TASK TO COMPLETE => Find the line in the entries below that contains "2 * num_edges". Repeat it exactly, and every line after it through the line that contains "define up where".

◆ ◆ ◆

lemma proots_prod_linear: "proots (\<Prod>e\<leftarrow>es. [:-e, 1:]) = mset (es :: real list)"
proof (induct es)
  case (Cons a es)
  have "proots (\<Prod>e\<leftarrow>a # es. [:-e, 1:]) = proots [:-a, 1:] + proots (\<Prod>e\<leftarrow>es. [:-e, 1:])"
    unfolding list.map prod_list.Cons by (rule proots_mult) (auto simp: prod_list_zero_iff)
  with Cons show ?case using proots_linear_factor[of "-a"] by simp
qed simp

lemma sum_list_power2_le_sum_list_abs_mult:
  fixes f :: "'a \<Rightarrow> real"
  assumes bound: "\<And>e. e \<in> set es \<Longrightarrow> \<bar>f e\<bar> \<le> g"
  shows "(\<Sum>e\<leftarrow>es. (f e)\<^sup>2) \<le> (\<Sum>e\<leftarrow>es. \<bar>f e\<bar>) * g"
    and "(\<Sum>e\<leftarrow>es. (f e)\<^sup>2) = (\<Sum>e\<leftarrow>es. \<bar>f e\<bar>) * g \<longleftrightarrow> (\<forall>e\<in>set es. f e = 0 \<or> \<bar>f e\<bar> = g)"
proof -
  have gap: "(\<Sum>e\<leftarrow>es. \<bar>f e\<bar>) * g - (\<Sum>e\<leftarrow>es. (f e)\<^sup>2) = (\<Sum>e\<leftarrow>es. \<bar>f e\<bar> * (g - \<bar>f e\<bar>))"
  proof (induct es)
    case (Cons a es)
    have "\<bar>f a\<bar> * (g - \<bar>f a\<bar>) = \<bar>f a\<bar> * g - (f a)\<^sup>2"
      by (simp add: right_diff_distrib power2_eq_square flip: abs_mult)
    with Cons show ?case by (simp add: algebra_simps)
  qed simp
  have nonneg: "\<And>x. x \<in> set (map (\<lambda>e. \<bar>f e\<bar> * (g - \<bar>f e\<bar>)) es) \<Longrightarrow> 0 \<le> x"
    using bound by auto
  then have "0 \<le> (\<Sum>e\<leftarrow>es. \<bar>f e\<bar> * (g - \<bar>f e\<bar>))" by (rule sum_list_nonneg)
  with gap show "(\<Sum>e\<leftarrow>es. (f e)\<^sup>2) \<le> (\<Sum>e\<leftarrow>es. \<bar>f e\<bar>) * g" by linarith
  have "(\<Sum>e\<leftarrow>es. (f e)\<^sup>2) = (\<Sum>e\<leftarrow>es. \<bar>f e\<bar>) * g \<longleftrightarrow>
      (\<Sum>e\<leftarrow>es. \<bar>f e\<bar> * (g - \<bar>f e\<bar>)) = 0"
    using gap by linarith
  also have "\<dots> \<longleftrightarrow> (\<forall>e\<in>set es. \<bar>f e\<bar> * (g - \<bar>f e\<bar>) = 0)"
    using sum_list_nonneg_eq_0_iff[of "map (\<lambda>e. \<bar>f e\<bar> * (g - \<bar>f e\<bar>)) es", OF nonneg] by simp
  also have "\<dots> \<longleftrightarrow> (\<forall>e\<in>set es. f e = 0 \<or> \<bar>f e\<bar> = g)"
    by (intro ball_cong refl) (simp only: mult_eq_0_iff abs_eq_0 right_minus_eq, blast)
  finally show "(\<Sum>e\<leftarrow>es. (f e)\<^sup>2) = (\<Sum>e\<leftarrow>es. \<bar>f e\<bar>) * g \<longleftrightarrow> (\<forall>e\<in>set es. f e = 0 \<or> \<bar>f e\<bar> = g)" .
qed

lemma sum_list_power2_diff:
  "(\<Sum>x\<leftarrow>xs. (x - c)\<^sup>2) = (\<Sum>x\<leftarrow>xs. x\<^sup>2) - 2 * c * (\<Sum>x\<leftarrow>xs. x) + real (length xs) * (c :: real)\<^sup>2"
  by (induct xs) (auto simp: power2_diff algebra_simps)

lemma power2_sum_le_card_mult_sum_power2:
  fixes x :: "nat \<Rightarrow> real"
  shows "(\<Sum>i<n. x i)\<^sup>2 \<le> real n * (\<Sum>i<n. (x i)\<^sup>2)"
proof -
  have "0 \<le> (\<Sum>i<n. \<Sum>j<n. (x i - x j)\<^sup>2)" by (intro sum_nonneg) auto
  also have "\<dots> = (\<Sum>i<n. \<Sum>j<n. (x i)\<^sup>2) + (\<Sum>i<n. \<Sum>j<n. (x j)\<^sup>2) - 2 * (\<Sum>i<n. \<Sum>j<n. x i * x j)"
    by (simp add: power2_diff sum.distrib sum_subtractf sum_distrib_left mult.assoc)
  also have "(\<Sum>i<n. \<Sum>j<n. x i * x j) = (\<Sum>i<n. x i)\<^sup>2"
    by (simp add: power2_eq_square sum_product)
  also have "(\<Sum>i<n. \<Sum>j<n. (x i)\<^sup>2) = real n * (\<Sum>i<n. (x i)\<^sup>2)"
    by (simp add: sum_distrib_left)
  also have "(\<Sum>i<n. \<Sum>j<n. (x j)\<^sup>2) = real n * (\<Sum>i<n. (x i)\<^sup>2)"
    by simp
  finally show ?thesis by simp
qed

section \<open>Simple graphs and their signless Laplacian\<close>

lemma simple_graphD:
  assumes "simple_graph n E" "E i j"
  shows "i < n" "j < n" "E j i" "i \<noteq> j"
  using assms unfolding simple_graph_def by metis+

lemma simple_graph_irrefl: "simple_graph n E \<Longrightarrow> \<not> E i i"
  unfolding simple_graph_def by blast

lemma degree_eq_sum_of_bool: "real (degree n E i) = (\<Sum>j<n. of_bool (E i j))"
proof -
  have "{..<n} \<inter> {j. E i j} = {j. j < n \<and> E i j}" by auto
  then show ?thesis unfolding degree_def by simp
qed

lemma sum_degree_eq_twice_num_edges:
  assumes simple: "simple_graph n E"
  shows "(\<Sum>i<n. degree n E i) = 2 * num_edges n E"
proof -
  define arcs where "arcs = {(i, j). i < n \<and> j < n \<and> E i j}"
  define up where "up = {(i, j). i < n \<and> j < n \<and> E i j \<and> i < j}"
  define down where "down = {(i, j). i < n \<and> j < n \<and> E i j \<and> j < i}"
  have fin: "finite up" "finite down"
    by (rule finite_subset[of _ "{..<n} \<times> {..<n}"], auto simp: up_def down_def)+
  have "arcs = Sigma {..<n} (\<lambda>i. {j. j < n \<and> E i j})" unfolding arcs_def by auto
  then have "card arcs = (\<Sum>i<n. degree n E i)" unfolding degree_def by (simp add: card_SigmaI)
  moreover have "arcs = up \<union> down" "up \<inter> down = {}"
    using simple_graphD[OF simple] unfolding arcs_def up_def down_def by (auto, metis linorder_neqE_nat)
  moreover have "card down = card up"
  proof -
    have "down = prod.swap ` up"
      using simple_graphD[OF simple] unfolding up_def down_def by (auto simp: image_iff)
    then show ?thesis by (simp add: card_image)
  qed
  moreover have "card up = num_edges n E"
  proof -
    have "{{i, j} | i j. i < n \<and> j < n \<and> E i j} = (\<lambda>(i, j). {i, j}) ` up"
      using simple_graphD[OF simple] unfolding up_def
      by (auto simp: image_iff) (metis insert_commute linorder_neqE_nat)
    moreover have "inj_on (\<lambda>(i, j). {i, j}) up"
      unfolding up_def inj_on_def by (auto simp: doubleton_eq_iff)
    ultimately show ?thesis unfolding num_edges_def by (simp add: card_image)
  qed
  ultimately show ?thesis using fin by (simp add: card_Un_disjoint)
qed

lemma sum_degree_real_eq_twice_num_edges:
  "simple_graph n E \<Longrightarrow> (\<Sum>i<n. real (degree n E i)) = 2 * real (num_edges n E)"
  using sum_degree_eq_twice_num_edges by (metis of_nat_mult of_nat_numeral of_nat_sum)

lemma connected_graph_has_neighbour:
  assumes simple: "simple_graph n E" and conn: "connected_graph n E" and "1 < n" "i < n"
  obtains j where "E i j"
proof -
  define k :: nat where "k = (if i = 0 then 1 else 0)"
  have "k < n" "k \<noteq> i" using assms(3,4) unfolding k_def by auto
  then have "E\<^sup>*\<^sup>* i k" "i \<noteq> k" using conn assms(4) unfolding connected_graph_def by auto
  then show ?thesis using that by (cases rule: converse_rtranclpE) auto
qed

lemma connected_graph_closed_subset:
  assumes conn: "connected_graph n E" and "a < n" "a \<in> S"
    and closed: "\<And>u v. u \<in> S \<Longrightarrow> E u v \<Longrightarrow> v \<in> S"
  shows "{..<n} \<subseteq> S"
proof
  fix v assume "v \<in> {..<n}"
  then have "E\<^sup>*\<^sup>* a v" using conn \<open>a < n\<close> unfolding connected_graph_def by auto
  then show "v \<in> S" by (induct rule: rtranclp_induct) (use \<open>a \<in> S\<close> closed in blast)+
qed

lemma num_edges_pos:
  assumes simple: "simple_graph n E" and conn: "connected_graph n E" and "1 < n"
  shows "0 < num_edges n E"
proof -
  obtain j where "E 0 j" using connected_graph_has_neighbour[OF simple conn \<open>1 < n\<close>] \<open>1 < n\<close> by auto
  then have "0 < degree n E 0"
    using simple_graphD(2)[OF simple] unfolding degree_def by (auto simp: card_gt_0_iff)
  also have "\<dots> \<le> (\<Sum>i<n. degree n E i)" by (rule member_le_sum) (use \<open>1 < n\<close> in auto)
  finally show ?thesis using sum_degree_eq_twice_num_edges[OF simple] by simp
qed

lemma signless_laplacian_carrier: "signless_laplacian n E \<in> carrier_mat n n"
  unfolding signless_laplacian_def by simp

lemma index_signless_laplacian:
  "i < n \<Longrightarrow> j < n \<Longrightarrow>
   signless_laplacian n E $$ (i, j) = (if i = j then real (degree n E i) else 0) + of_bool (E i j)"
  unfolding signless_laplacian_def by simp

lemma transpose_signless_laplacian:
  "simple_graph n E \<Longrightarrow> transpose_mat (signless_laplacian n E) = signless_laplacian n E"
proof (rule eq_matI)
  fix i j assume "simple_graph n E" "i < dim_row (signless_laplacian n E)" "j < dim_col (signless_laplacian n E)"
  then show "transpose_mat (signless_laplacian n E) $$ (i, j) = signless_laplacian n E $$ (i, j)"
    using simple_graphD(3)[of n E i j] simple_graphD(3)[of n E j i]
    by (simp add: signless_laplacian_def)
qed (simp_all add: signless_laplacian_def)

context
  fixes n :: nat and E :: "nat \<Rightarrow> nat \<Rightarrow> bool"
  assumes simple: "simple_graph n E"
begin

lemma mat_trace_signless_laplacian: "mat_trace (signless_laplacian n E) = 2 * real (num_edges n E)"
proof -
  have "mat_trace (signless_laplacian n E) = (\<Sum>i<n. real (degree n E i))"
    unfolding mat_trace_def using simple_graph_irrefl[OF simple]
    by (auto simp: signless_laplacian_def intro!: sum.cong)
  then show ?thesis using sum_degree_real_eq_twice_num_edges[OF simple] by simp
qed

lemma mat_trace_signless_laplacian_square:
  "mat_trace (signless_laplacian n E * signless_laplacian n E) =
   real (first_zagreb n E) + 2 * real (num_edges n E)"
proof -
  let ?Q = "signless_laplacian n E"
  have entry: "?Q $$ (i, j) * ?Q $$ (j, i) =
      (if i = j then (real (degree n E i))\<^sup>2 else 0) + of_bool (E i j)" if "i < n" "j < n" for i j
    using that simple_graphD[OF simple, of i j] simple_graphD[OF simple, of j i] simple_graph_irrefl[OF simple]
    by (cases "i = j") (auto simp: index_signless_laplacian power2_eq_square)
  have "mat_trace (?Q * ?Q) = (\<Sum>i<n. \<Sum>j<n. ?Q $$ (i, j) * ?Q $$ (j, i))"
    unfolding mat_trace_def using signless_laplacian_carrier[of n E]
    by (intro sum.cong refl index_mult_mat_sum[OF signless_laplacian_carrier signless_laplacian_carrier]) auto
  also have "\<dots> = (\<Sum>i<n. (real (degree n E i))\<^sup>2 + real (degree n E i))"
    by (intro sum.cong refl) (simp add: entry sum.distrib degree_eq_sum_of_bool[symmetric])
  also have "\<dots> = real (first_zagreb n E) + 2 * real (num_edges n E)"
    unfolding first_zagreb_def sum.distrib sum_degree_real_eq_twice_num_edges[OF simple] by simp
  finally show ?thesis .
qed

lemma signless_laplacian_quadratic_form:
  "(\<Sum>i<n. \<Sum>j<n. v i * signless_laplacian n E $$ (i, j) * v j) =
   (\<Sum>i<n. \<Sum>j<n. of_bool (E i j) * (v i + v j)\<^sup>2) / 2"
proof -
  define b where "b i j = (of_bool (E i j) :: real)" for i j
  have b_sym: "b i j = b j i" for i j
    using simple_graphD(3)[OF simple, of i j] simple_graphD(3)[OF simple, of j i] unfolding b_def by auto
  have entry: "v i * signless_laplacian n E $$ (i, j) * v j =
      (if i = j then real (degree n E i) * (v i)\<^sup>2 else 0) + b i j * v i * v j"
    if "i < n" "j < n" for i j
    using that by (simp add: index_signless_laplacian b_def algebra_simps power2_eq_square)
  have "(\<Sum>i<n. \<Sum>j<n. v i * signless_laplacian n E $$ (i, j) * v j) =
      (\<Sum>i<n. real (degree n E i) * (v i)\<^sup>2) + (\<Sum>i<n. \<Sum>j<n. b i j * v i * v j)"
    by (simp add: entry sum.distrib)
  also have "(\<Sum>i<n. real (degree n E i) * (v i)\<^sup>2) = (\<Sum>i<n. \<Sum>j<n. b i j * (v i)\<^sup>2)"
    unfolding degree_eq_sum_of_bool b_def by (simp add: sum_distrib_right)
  also have "(\<Sum>i<n. \<Sum>j<n. b i j * v i * v j) =
      ((\<Sum>i<n. \<Sum>j<n. b i j * (v i + v j)\<^sup>2) - (\<Sum>i<n. \<Sum>j<n. b i j * (v i)\<^sup>2)
        - (\<Sum>i<n. \<Sum>j<n. b i j * (v j)\<^sup>2)) / 2"
    by (simp add: power2_sum sum.distrib sum_subtractf sum_distrib_left algebra_simps)
  also have "(\<Sum>i<n. \<Sum>j<n. b i j * (v j)\<^sup>2) = (\<Sum>i<n. \<Sum>j<n. b i j * (v i)\<^sup>2)"
    by (subst sum.swap) (simp add: b_sym)
  finally have "(\<Sum>i<n. \<Sum>j<n. v i * signless_laplacian n E $$ (i, j) * v j) =
      (\<Sum>i<n. \<Sum>j<n. b i j * (v i + v j)\<^sup>2) / 2"
    by (simp add: field_simps)
  then show ?thesis by (simp only: b_def)
qed

lemma signless_laplacian_eigenvalue_nonneg:
  assumes root: "poly (char_poly (signless_laplacian n E)) e = 0"
  shows "0 \<le> e"
proof -
  obtain v where v: "\<exists>i<n. v i \<noteq> 0"
    and row: "\<And>i. i < n \<Longrightarrow> (\<Sum>j<n. signless_laplacian n E $$ (i, j) * v j) = e * v i"
    using char_poly_root_eigenvector[OF signless_laplacian_carrier root] by blast
  have "e * (\<Sum>i<n. (v i)\<^sup>2) = (\<Sum>i<n. v i * (e * v i))"
    by (simp add: sum_distrib_left power2_eq_square mult_ac)
  also have "\<dots> = (\<Sum>i<n. v i * (\<Sum>j<n. signless_laplacian n E $$ (i, j) * v j))"
    by (intro sum.cong refl) (simp add: row)
  also have "\<dots> = (\<Sum>i<n. \<Sum>j<n. of_bool (E i j) * (v i + v j)\<^sup>2) / 2"
    unfolding signless_laplacian_quadratic_form[symmetric] by (simp add: sum_distrib_left mult.assoc)
  also have "\<dots> \<ge> 0" by (intro divide_nonneg_pos sum_nonneg) auto
  finally have "0 \<le> e * (\<Sum>i<n. (v i)\<^sup>2)" .
  moreover have "0 < (\<Sum>i<n. (v i)\<^sup>2)"
    using v by (auto intro!: sum_pos2)
  ultimately show ?thesis by (simp add: zero_le_mult_iff)
qed

end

◆ ◆ ◆

REPLY =>
  shows "(\<Sum>i<n. degree n E i) = 2 * num_edges n E"
proof -
  define arcs where "arcs = {(i, j). i < n \<and> j < n \<and> E i j}"
  define up where "up = {(i, j). i < n \<and> j < n \<and> E i j \<and> i < j}"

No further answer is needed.